No pressure on blue-and-white in Spain

Facing global powerhouse in Gijon, Israel hopes for respectable showing in World Cup qualifier.

March 24, 2017 00:01
3 minute read.
Lior Refaelov

Lior Refaelov (left) is the favorite to be handed the final available attacking role for tonight’s 2018 World Cup qualifier in Spain, while forward Tal Ben-Haim (right) is all but guaranteed to be in the starting lineup for coach Elisha Levy’s team.. (photo credit: ADI AVISHAI)

Knowing anything but a heavy defeat would be regarded as a surprise, Israel’s national team is in a relaxed mood entering Friday’s 2018 World Cup qualifier against Spain in Gijon.

Israel is just a single point behind Spain and Italy in Group G, picking up nine of a possible 12 points from four matches to date, beating Macedonia, Liechtenstein and Albania, while losing to Italy.

But with only the winners of each group to qualify automatically for Russia 2018, while the eight best runners-up will advance to home-and-away playoffs, the blue-and-white is realistically targeting third place behind the winners of two of the last three World Cup tournaments.

Israel is well placed to do that and improve its seeding ahead of Euro 2020 qualification, with Albania and Macedonia still to visit the Holy Land.

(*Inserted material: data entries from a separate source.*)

(* For all closed terms $s,t\in T(\Sigma_{FTP_/})$: if $s/c^n\sim t/c^n$ for all $n\in\mathbb N$, then $s\sim t$ (i.e. the Approximation Induction Principle $x=y$ if $x/c^n=y/c^n$ for all $n$ is sound for bisimilarity on $T(\Sigma_{FTP_/})$).
   Context: Fix a finite nonempty set $\mathcal A$ of actions, a finite set $\mathcal P$ of predicates, a subset $\mathcal P^I\subseteq\mathcal P$ of implicit predicates, and for each $P\in\mathcal P^I$ a set $\mathcal A_P\subseteq\mathcal A$. $\Sigma_{FTP_/}$ consists of $\delta$, constants $\kappa_P$ ($P\in\mathcal P$), unary prefixes $a.\_$ ($a\in\mathcal A$), binary $+$ and binary $\cdot/\cdot$. Semantics on closed terms: the least transition and predicate relations closed under: $a.x\xrightarrow{a}x$; $x\xrightarrow{a}x'\Rightarrow x+y\xrightarrow{a}x'$; $y\xrightarrow{a}y'\Rightarrow x+y\xrightarrow{a}y'$; $P\kappa_P$; $Px\Rightarrow P(x+y)$; $Py\Rightarrow P(x+y)$; $Px\Rightarrow P(a.x)$ for $P\in\mathcal P^I$, $a\in\mathcal A_P$; $x\xrightarrow{a}x'$ and $h\xrightarrow{c'}h'\Rightarrow x/h\xrightarrow{a}x'/h'$ for all actions $a,c'$; $Px\Rightarrow P(x/h)$. A fixed action $c$ is used: $c^0=\delta$, $c^{n+1}=c.c^n$. Bisimilarity $\sim$: largest symmetric relation $R$ with $(s,t)\in R$, $s\xrightarrow{a}s'$ implying $t\xrightarrow{a}t'$ for some $t'$ with $(s',t')\in R$, and $Ps$ implying $Pt$. *)

theory Defs
  imports Main
begin

text \<open>Closed terms over the signature FTP with the operator x/h.
  Actions are elements of a finite type 'a (finite, nonempty),
  predicates are elements of a finite type 'p.\<close>

datatype ('a, 'p) tm =
    Delta
  | Kappa 'p
  | Pre 'a "('a, 'p) tm"
  | Plus "('a, 'p) tm" "('a, 'p) tm"
  | Slash "('a, 'p) tm" "('a, 'p) tm"

inductive step :: "('a, 'p) tm \<Rightarrow> 'a \<Rightarrow> ('a, 'p) tm \<Rightarrow> bool" where
  pre: "step (Pre a x) a x"
| plusL: "step x a x' \<Longrightarrow> step (Plus x y) a x'"
| plusR: "step y a y' \<Longrightarrow> step (Plus x y) a y'"
| slash: "step x a x' \<Longrightarrow> step h c' h' \<Longrightarrow> step (Slash x h) a (Slash x' h')"

text \<open>Predicate relation, parametrised by the set PI of implicit predicates
  and the sets AP P of actions for implicit predicates P.\<close>
inductive holds :: "'p set \<Rightarrow> ('p \<Rightarrow> 'a set) \<Rightarrow> 'p \<Rightarrow> ('a, 'p) tm \<Rightarrow> bool"
  for PI :: "'p set" and AP :: "'p \<Rightarrow> 'a set" where
  kappa: "holds PI AP P (Kappa P)"
| plusL: "holds PI AP P x \<Longrightarrow> holds PI AP P (Plus x y)"
| plusR: "holds PI AP P y \<Longrightarrow> holds PI AP P (Plus x y)"
| pre: "P \<in> PI \<Longrightarrow> a \<in> AP P \<Longrightarrow> holds PI AP P x \<Longrightarrow> holds PI AP P (Pre a x)"
| slash: "holds PI AP P x \<Longrightarrow> holds PI AP P (Slash x h)"

fun cpow :: "'a \<Rightarrow> nat \<Rightarrow> ('a, 'p) tm" where
  "cpow c 0 = Delta"
| "cpow c (Suc n) = Pre c (cpow c n)"

definition is_bisim :: "'p set \<Rightarrow> ('p \<Rightarrow> 'a set) \<Rightarrow> (('a, 'p) tm \<times> ('a, 'p) tm) set \<Rightarrow> bool" where
  "is_bisim PI AP R \<longleftrightarrow> sym R \<and>
     (\<forall>(s, t) \<in> R. (\<forall>a s'. step s a s' \<longrightarrow> (\<exists>t'. step t a t' \<and> (s', t') \<in> R)) \<and>
                    (\<forall>P. holds PI AP P s \<longrightarrow> holds PI AP P t))"

definition bisimilar :: "'p set \<Rightarrow> ('p \<Rightarrow> 'a set) \<Rightarrow> ('a, 'p) tm \<Rightarrow> ('a, 'p) tm \<Rightarrow> bool" where
  "bisimilar PI AP s t \<longleftrightarrow> (\<exists>R. is_bisim PI AP R \<and> (s, t) \<in> R)"

end

theory Submission
  imports Defs
begin

text \<open>Every closed term has finite depth and transitions strictly decrease it. Hence
  for n at least the depth of x, the clock c^n never runs out before x stops, and
  x is bisimilar to x/c^n (predicates are inherited by x/h from x alone). Given
  s/c^n \<sim> t/c^n for all n, take n above the depths of s and t and chain
  s \<sim> s/c^n \<sim> t/c^n \<sim> t.\<close>

fun depth :: "('a, 'p) tm \<Rightarrow> nat" where
  "depth Delta = 0"
| "depth (Kappa P) = 0"
| "depth (Pre a x) = Suc (depth x)"
| "depth (Plus x y) = max (depth x) (depth y)"
| "depth (Slash x h) = min (depth x) (depth h)"

lemma step_depth_less: "step x a x' \<Longrightarrow> depth x' < depth x"
  by (induction rule: step.induct) auto

lemma step_cpow_iff: "step (cpow c n) a h \<longleftrightarrow> 0 < n \<and> a = c \<and> h = cpow c (n - 1)"
  by (cases n) (auto elim: step.cases intro: step.pre)

lemma step_SlashE:
  assumes "step (Slash x h) a y"
  obtains x' c' h' where "y = Slash x' h'" "step x a x'" "step h c' h'"
  using assms by (cases rule: step.cases) auto

lemma holds_Slash_iff: "holds PI AP P (Slash x h) \<longleftrightarrow> holds PI AP P x"
  by (auto elim: holds.cases intro: holds.slash)

definition is_sim :: "'p set \<Rightarrow> ('p \<Rightarrow> 'a set) \<Rightarrow> (('a, 'p) tm \<times> ('a, 'p) tm) set \<Rightarrow> bool" where
  "is_sim PI AP R \<longleftrightarrow>
     (\<forall>(s, t) \<in> R. (\<forall>a s'. step s a s' \<longrightarrow> (\<exists>t'. step t a t' \<and> (s', t') \<in> R)) \<and>
                    (\<forall>P. holds PI AP P s \<longrightarrow> holds PI AP P t))"

lemma is_bisim_iff_sym_is_sim: "is_bisim PI AP R \<longleftrightarrow> sym R \<and> is_sim PI AP R"
  unfolding is_bisim_def is_sim_def ..

lemma is_sim_Un: "is_sim PI AP A \<Longrightarrow> is_sim PI AP B \<Longrightarrow> is_sim PI AP (A \<union> B)"
  unfolding is_sim_def by blast

lemma is_sim_relcomp: "is_sim PI AP A \<Longrightarrow> is_sim PI AP B \<Longrightarrow> is_sim PI AP (A O B)"
  unfolding is_sim_def by (fastforce simp: relcomp_unfold)

lemma bisimilarI:
  assumes "is_sim PI AP R" "is_sim PI AP (R\<inverse>)" "(s, t) \<in> R"
  shows "bisimilar PI AP s t"
proof -
  have "is_bisim PI AP (R \<union> R\<inverse>)"
    using assms(1,2) by (simp add: is_bisim_iff_sym_is_sim sym_Un_converse is_sim_Un)
  then show ?thesis
    using assms(3) unfolding bisimilar_def by blast
qed

lemma bisimilar_sym: "bisimilar PI AP s t \<Longrightarrow> bisimilar PI AP t s"
  unfolding bisimilar_def is_bisim_iff_sym_is_sim by (meson symD)

lemma bisimilar_trans [trans]:
  assumes "bisimilar PI AP s t" "bisimilar PI AP t u"
  shows "bisimilar PI AP s u"
proof -
  obtain A B where A: "sym A" "is_sim PI AP A" "(s, t) \<in> A"
    and B: "sym B" "is_sim PI AP B" "(t, u) \<in> B"
    using assms unfolding bisimilar_def is_bisim_iff_sym_is_sim by blast
  have "(A O B)\<inverse> = B O A"
    using A(1) B(1) by (simp add: converse_relcomp sym_conv_converse_eq)
  then show ?thesis
    using A B by (intro bisimilarI[of PI AP "A O B"]) (auto intro: is_sim_relcomp)
qed

lemma bisimilar_Slash_cpow:
  fixes x :: "('a, 'p) tm"
  assumes "depth x \<le> n"
  shows "bisimilar PI AP x (Slash x (cpow c n))"
proof -
  define R :: "(('a, 'p) tm \<times> ('a, 'p) tm) set"
    where "R = {(y, Slash y (cpow c m)) | y m. depth y \<le> m}"
  have step_forth: "\<exists>z. step (Slash y (cpow c m)) a z \<and> (y', z) \<in> R"
    if "depth y \<le> m" "step y a y'" for y m a y'
  proof -
    have "0 < m" "depth y' \<le> m - 1"
      using that step_depth_less by fastforce+
    then show ?thesis
      using step.slash[OF \<open>step y a y'\<close>, of "cpow c m" c "cpow c (m - 1)"]
      unfolding R_def by (auto simp: step_cpow_iff)
  qed
  have step_back: "\<exists>y'. step y a y' \<and> (y', z) \<in> R"
    if "depth y \<le> m" "step (Slash y (cpow c m)) a z" for y m a z
    using that unfolding R_def
    by (fastforce elim!: step_SlashE simp: step_cpow_iff dest: step_depth_less)
  have "is_sim PI AP R" "is_sim PI AP (R\<inverse>)"
    using step_forth step_back by (auto simp: is_sim_def R_def holds_Slash_iff)
  then show ?thesis
    using assms unfolding R_def by (intro bisimilarI) auto
qed

theorem lemma4:
  fixes PI :: "('p::finite) set" and AP :: "'p \<Rightarrow> ('a::finite) set"
    and c :: 'a and s t :: "('a, 'p) tm"
  assumes "\<forall>n. bisimilar PI AP (Slash s (cpow c n)) (Slash t (cpow c n))"
  shows "bisimilar PI AP s t"
proof -
  define n where "n = max (depth s) (depth t)"
  have "bisimilar PI AP s (Slash s (cpow c n))"
    by (rule bisimilar_Slash_cpow) (simp add: n_def)
  also have "bisimilar PI AP \<dots> (Slash t (cpow c n))"
    using assms by blast
  also have "bisimilar PI AP \<dots> t"
    by (rule bisimilar_sym, rule bisimilar_Slash_cpow) (simp add: n_def)
  finally show ?thesis .
qed

end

Israel had been far from impressive in its campaign until winning in Albania in its most recent qualifier back in November. It barely beat one of European soccer’s minnows in Liechtenstein, while requiring a 95th-minute penalty save from goalkeeper Dudu Goresh to defeat Macedonia.

But the victory over Albania has given the national team some breathing space, meaning it is under no pressure in Gijon, even with anti-Israel protests planned before and during the match.

Last year, the Gijon city council passed an extreme anti-Israel resolution declaring itself “a space free of Israeli apartheid.”

The Gijon town hall was forced to cancel its year-long boycott against Israel due to the combined political and legal pressure of local civic groups, but the BDS campaigners nevertheless plan to be out in force outside the El Molinon Stadium.

Israel coach Elisha Levy insisted his players will not be affected by everything going on off the pitch, especially as they managed to beat Albania after the venue of the game was changed at the last moment due to the uncovering of a terror plot.

Levy is far more concerned with finding a way to slow down the Spain attack, which has scored 15 goals in its first four qualifiers, including eight against Liechtenstein and four against Macedonia.

“There is nothing wrong with focusing on defending,” said Levy. “All of our players will be committed to defending, but we will do everything to make sure we also have some possession and not allow Spain to dominate. We need to play with the right attitude and not capitulate under Spain’s pressure. We have started our campaign well and we want to keep it alive.”

With goalkeeper Dudu Goresh, who started in the team’s first four qualifiers, being suspend-ed, Levy announced on Thursday that Ofir Marciano will replace him in goal.

The back-four of Eli Dasa, Shir Tzedek, Eitan Tibi and Rami Gershon is set to start again, with Almog Cohen and Bibras Natcho to play in the center of the field.

Eran Zahavi is expected to be the team’s lone striker, with forward Tal Ben-Haim likely to start on the flank, leaving Levy with two remaining dilemmas.

Dan Einbinder, Sheran Yeini and Nir Bitton are fighting for the place alongside Cohen and Natcho in the midfield, while Lior Refaelov, Ben Sahar and Itay Shechter are all in contention for the remaining attacking role on the flank.

“Our main focus is to get points against Israel. We need to convey the importance of this game,” said Spain coach Julen Lopetegui, who has all his big guns at his disposal.

“They have good players and they are a competitive team. We know how difficult they are, we have to perform well. We absolutely respect Israel and I’m sure that they are also going to be respected by the city of Gijon.”